2-23-69    8:15 a.m.


On the radio you are sharing the services of the First Baptist Church in Dallas.  This is the pastor bringing the message entitled What Christ Has Commanded.  We are preparing this spring for the greatest outreach in soulwinning, in evangelism, in revival appeal that our church has ever attempted.  And a part of that tremendous outreach lies in these days of intensive preparation.  It is often said you can judge a man’s commitment to any enterprise by the amount of time and energy by which he is prepared for it, to get ready for it.

Now we are getting ready for a tremendous evangelistic appeal.  A part of that is this Personal Institute of Evangelism, which is dated—according to your bulletin—those first days in March, and the messages that are prepared and delivered in these services is in keeping with this spirit of evangelism and soulwinning.  Now I shall read several passages.  One is in the last chapter of Matthew.  Matthew 28, beginning at verse 16:

Then the eleven disciples went away into Galilee, into a mountain where Jesus had appointed them.

And when they saw Him, they worshiped Him . . .

And Jesus came and spake unto them, saying, All power—

all exousia, all authority—

is given unto Me in heaven and in earth.

Go ye therefore, and make disciples of all the peoples, baptizing them in the name of the Father, and of the Son, and of the Holy Spirit:

Teaching them to observe all things whatsoever I have commanded you.

[Matthew 28:16-20]

My text, “whatsoever I have commanded you” [Matthew 28:20], what Jesus has commanded:, “And, lo, I am with you alway,” I am with you to the end of the days, “even unto the end of the world” [Mathew 28:20], the end of the age.
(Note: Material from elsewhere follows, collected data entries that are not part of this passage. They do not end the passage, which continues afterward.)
definition pre_lambda_graph :: "('n, 'a) pregraph \<Rightarrow> bool" where
  "pre_lambda_graph G \<longleftrightarrow>
     (\<forall>n\<in>nodes G. case lab G n of
         App n1 n2 \<Rightarrow> n1 \<in> nodes G \<and> n2 \<in> nodes G
       | Abs m \<Rightarrow> m \<in> nodes G
       | FreeV x \<Rightarrow> True
       | BVar l \<Rightarrow> l \<in> nodes G \<and> (\<exists>b. lab G l = Abs b)) \<and>
     (\<forall>n\<in>nodes G. \<forall>m\<in>nodes G. \<forall>x. lab G n = FreeV x \<and> lab G m = FreeV x \<longrightarrow> n = m)"

inductive path :: "('n, 'a) pregraph \<Rightarrow> 'n \<Rightarrow> trace \<Rightarrow> 'n \<Rightarrow> bool" for G where
  eps: "n \<in> nodes G \<Longrightarrow> path G n [] n"
| down: "path G n \<tau> l \<Longrightarrow> lab G l = Abs m \<Longrightarrow> path G n (Down # \<tau>) m"
| sw: "path G n \<tau> l \<Longrightarrow> lab G l = App m1 m2 \<Longrightarrow> path G n (SW # \<tau>) m1"
| se: "path G n \<tau> l \<Longrightarrow> lab G l = App m1 m2 \<Longrightarrow> path G n (SE # \<tau>) m2"

fun crosses :: "('n, 'a) pregraph \<Rightarrow> 'n \<Rightarrow> trace \<Rightarrow> 'n \<Rightarrow> bool" where
  "crosses G n [] m \<longleftrightarrow> path G n [] m"
| "crosses G n (d # \<tau>) m \<longleftrightarrow> path G n (d # \<tau>) m \<or> crosses G n \<tau> m"

definition is_root :: "('n, 'a) pregraph \<Rightarrow> 'n \<Rightarrow> bool" where
  "is_root G r \<longleftrightarrow> r \<in> nodes G \<and> (\<forall>n \<tau>. path G n \<tau> r \<longrightarrow> \<tau> = [])"

definition dominates :: "('n, 'a) pregraph \<Rightarrow> 'n \<Rightarrow> 'n \<Rightarrow> bool" where
  "dominates G m n \<longleftrightarrow> (\<forall>r \<tau>. is_root G r \<and> path G r \<tau> n \<longrightarrow> crosses G r \<tau> m)"

definition lambda_graph :: "('n, 'a) pregraph \<Rightarrow> bool" where
  "lambda_graph G \<longleftrightarrow> pre_lambda_graph G \<and> finite (nodes G) \<and>
     (\<forall>n \<tau>. path G n \<tau> n \<longrightarrow> \<tau> = []) \<and>
     (\<forall>n\<in>nodes G. \<forall>l. lab G n = BVar l \<longrightarrow> dominates G l n)"

fun homog_kind :: "('n, 'a) nkind \<Rightarrow> ('n, 'a) nkind \<Rightarrow> bool" where
  "homog_kind (App _ _) (App _ _) = True"
| "homog_kind (Abs _) (Abs _) = True"
| "homog_kind (FreeV _) (FreeV _) = True"
| "homog_kind (BVar _) (BVar _) = True"
| "homog_kind _ _ = False"

definition homogeneous :: "('n, 'a) pregraph \<Rightarrow> ('n \<times> 'n) set \<Rightarrow> bool" where
  "homogeneous G R \<longleftrightarrow> (\<forall>(n, m)\<in>R. homog_kind (lab G n) (lab G m))"

definition propagated :: "('n, 'a) pregraph \<Rightarrow> ('n \<times> 'n) set \<Rightarrow> bool" where
  "propagated G R \<longleftrightarrow>
     (\<forall>n m n1 n2 m1 m2. (n, m) \<in> R \<and> lab G n = App n1 n2 \<and> lab G m = App m1 m2
         \<longrightarrow> (n1, m1) \<in> R \<and> (n2, m2) \<in> R) \<and>
     (\<forall>n m n' m'. (n, m) \<in> R \<and> lab G n = Abs n' \<and> lab G m = Abs m' \<longrightarrow> (n', m') \<in> R)"

definition bisimulation :: "('n, 'a) pregraph \<Rightarrow> ('n \<times> 'n) set \<Rightarrow> bool" where
  "bisimulation G R \<longleftrightarrow> homogeneous G R \<and> propagated G R \<and>
     (\<forall>n m l k. (n, m) \<in> R \<and> lab G n = BVar l \<and> lab G m = BVar k \<longrightarrow> (l, k) \<in> R)"

text \<open>Propagation \<open>R\<^sup>\<Down>\<close>: the smallest propagated relation containing R.\<close>
inductive_set propagation :: "('n, 'a) pregraph \<Rightarrow> ('n \<times> 'n) set \<Rightarrow> ('n \<times> 'n) set"
  for G R where
  base: "p \<in> R \<Longrightarrow> p \<in> propagation G R"
| sw: "(n, m) \<in> propagation G R \<Longrightarrow> lab G n = App n1 n2 \<Longrightarrow> lab G m = App m1 m2
        \<Longrightarrow> (n1, m1) \<in> propagation G R"
| se: "(n, m) \<in> propagation G R \<Longrightarrow> lab G n = App n1 n2 \<Longrightarrow> lab G m = App m1 m2
        \<Longrightarrow> (n2, m2) \<in> propagation G R"
| down: "(n, m) \<in> propagation G R \<Longrightarrow> lab G n = Abs n' \<Longrightarrow> lab G m = Abs m'
        \<Longrightarrow> (n', m') \<in> propagation G R"

definition is_query :: "('n, 'a) pregraph \<Rightarrow> ('n \<times> 'n) set \<Rightarrow> bool" where
  "is_query G Q \<longleftrightarrow> (\<forall>(r, s)\<in>Q. is_root G r \<and> is_root G s)"

end

theory Submission
  imports Defs
begin

text \<open>Every pair of \<open>Q\<^sup>\<Down>\<close> is reached from a pair of roots in \<open>Q\<close> by one common trace. For bound
  variables \<open>var(l)\<close>, \<open>var(k)\<close> reached this way, dominance puts \<open>l\<close> and \<open>k\<close> on the two paths,
  at suffixes \<open>u\<close>, \<open>v\<close> of that trace. If, say, \<open>v = w @ u\<close> with \<open>w \<noteq> []\<close>, then \<open>l\<close> is related
  both to the node \<open>y\<close> at trace \<open>u\<close> and to its proper descendant \<open>k\<close> by any bisimulation
  containing \<open>Q\<close>; pushing such a configuration down along \<open>w\<close> repeatedly yields ever smaller
  sets of descendants, impossible in a finite acyclic graph. Hence \<open>u = v\<close>, so \<open>(l, k)\<close> is
  reached by a common trace and lies in \<open>Q\<^sup>\<Down>\<close>.\<close>

lemma pre_lambda_graph_children:
  assumes "pre_lambda_graph G" "l \<in> nodes G"
  shows "lab G l = Abs m \<Longrightarrow> m \<in> nodes G"
    and "lab G l = App m1 m2 \<Longrightarrow> m1 \<in> nodes G \<and> m2 \<in> nodes G"
  using assms unfolding pre_lambda_graph_def by fastforce+

lemma path_nodes:
  assumes "pre_lambda_graph G" "path G a t b"
  shows "a \<in> nodes G \<and> b \<in> nodes G"
  using assms(2) by induction (use pre_lambda_graph_children[OF assms(1)] in blast)+

lemma path_append:
  "path G b r c \<Longrightarrow> path G a s b \<Longrightarrow> path G a (r @ s) c"
  by (induction rule: path.induct) (auto intro: path.intros)

lemma path_append_split:
  assumes "pre_lambda_graph G" "path G a (r @ s) c"
  shows "\<exists>b. path G a s b \<and> path G b r c"
  using assms(2)
proof (induction r arbitrary: c)
  case Nil
  then show ?case using path_nodes[OF assms(1)] by (fastforce intro: path.eps)
next
  case (Cons d r)
  from Cons.prems show ?case
    by cases (use Cons.IH in \<open>fastforce intro: path.intros\<close>)+
qed

lemma crosses_imp_path_suffix:
  "crosses G n t m \<Longrightarrow> \<exists>w u. t = w @ u \<and> path G n u m"
proof (induction t)
  case Nil
  then show ?case by auto
next
  case (Cons d t)
  then show ?case by (metis append_Cons append_Nil crosses.simps(2))
qed

lemma propagated_propagation: "propagated G (propagation G Q)"
  unfolding propagated_def by (blast intro: propagation.intros)

lemma propagation_least:
  assumes "propagated G R" "Q \<subseteq> R"
  shows "propagation G Q \<subseteq> R"
proof
  fix p assume "p \<in> propagation G Q"
  then show "p \<in> R"
    by induction (use assms in \<open>unfold propagated_def, blast+\<close>)
qed

lemma propagation_along_paths:
  "path G a t n \<Longrightarrow> (a, b) \<in> propagation G Q \<Longrightarrow> path G b t m \<Longrightarrow> (n, m) \<in> propagation G Q"
proof (induction arbitrary: m rule: path.induct)
  case (eps n)
  from eps.prems(2) show ?case by cases (use eps in simp_all)
next
  case (down n \<tau> l m')
  from down.prems(2) show ?case
    by cases (use down in \<open>auto intro: propagation.down\<close>)
next
  case (sw n \<tau> l m1 m2)
  from sw.prems(2) show ?case
    by cases (use sw in \<open>auto intro: propagation.sw\<close>)
next
  case (se n \<tau> l m1 m2)
  from se.prems(2) show ?case
    by cases (use se in \<open>auto intro: propagation.se\<close>)
qed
Now, the next passage is in the last chapter of Luke.  Luke 24, beginning at verse 46:

And Jesus said unto them, Thus it is written, and thus it behooved Christ to suffer, and to rise from the dead the third day:

And that repentance and remission of sins should be preached in His name among all nations, beginning at Jerusalem.

And ye are witnesses of these things.

[Luke 24:46-48]

And once again, in the first chapter of the Book of Acts; in the first chapter of the Book of Acts, beginning at verse 8: “But ye shall receive power, after that the Holy Spirit is come upon you: and ye shall be witnesses unto Me in Jerusalem, in Judea, in Samaria, and unto the uttermost parts of the earth” [Acts 1:8].

I return now to the text, “Whatsoever I have commanded you” [Matthew 28:20], what Jesus has commanded.  Where would you find what the Lord has commanded?  He wrote no books, He erected no monuments.  The answer is found in what the Lord Himself said. In the fourteenth chapter of the Book of John and the twenty-sixth verse, when the Lord said He was going away, He added: “But the Comforter—the Paraclete—who is the Holy Spirit, whom the Father will send in My name, He shall teach you all things, and bring all things to your remembrance, whatsoever I have said unto you” [John 14:26].

So the Lord, leaving no heritage of His own manuscript writing—only time He ever wrote was in the sand, in the dirt of the ground [John 8:3-11]—leaving nothing except what the Holy Spirit would teach the disciples that He had said, “He will come, the Holy Spirit of God, and teach you all things, and bring all things to your remembrance, whatsoever I have said unto you” [John 14:26].

Now, where is that record inspired by the Holy Spirit, as the disciples wrote it down? [2 Timothy 3:16-17; 2 Peter 1:20-21].  That record I hold in my hand.  This is the infallible, inerrant Word of God.  If I seek for what Christ has said and for what Christ has commanded, then I must find it in this infallible, inerrant Word of God.

Now, what the Lord has said is by inspiration from heaven, written down here in this Book [2 Timothy 3:16-17].  And the meaning of what the Lord said, the infallible interpretation of what Christ meant, is given by inspiration of the apostles in this Book [John 16:13].

Let me give you an illustration of that, though I hate to take time for these things because of the little brief moment we have in these services.  But there are so many things that we need to understand and to know, all of us who would find the will and mind of God for our lives.

What Christ said is infallibly written down in this Book, and what Christ meant, the interpretation of His words, are infallibly, by inspiration, written down in this Book.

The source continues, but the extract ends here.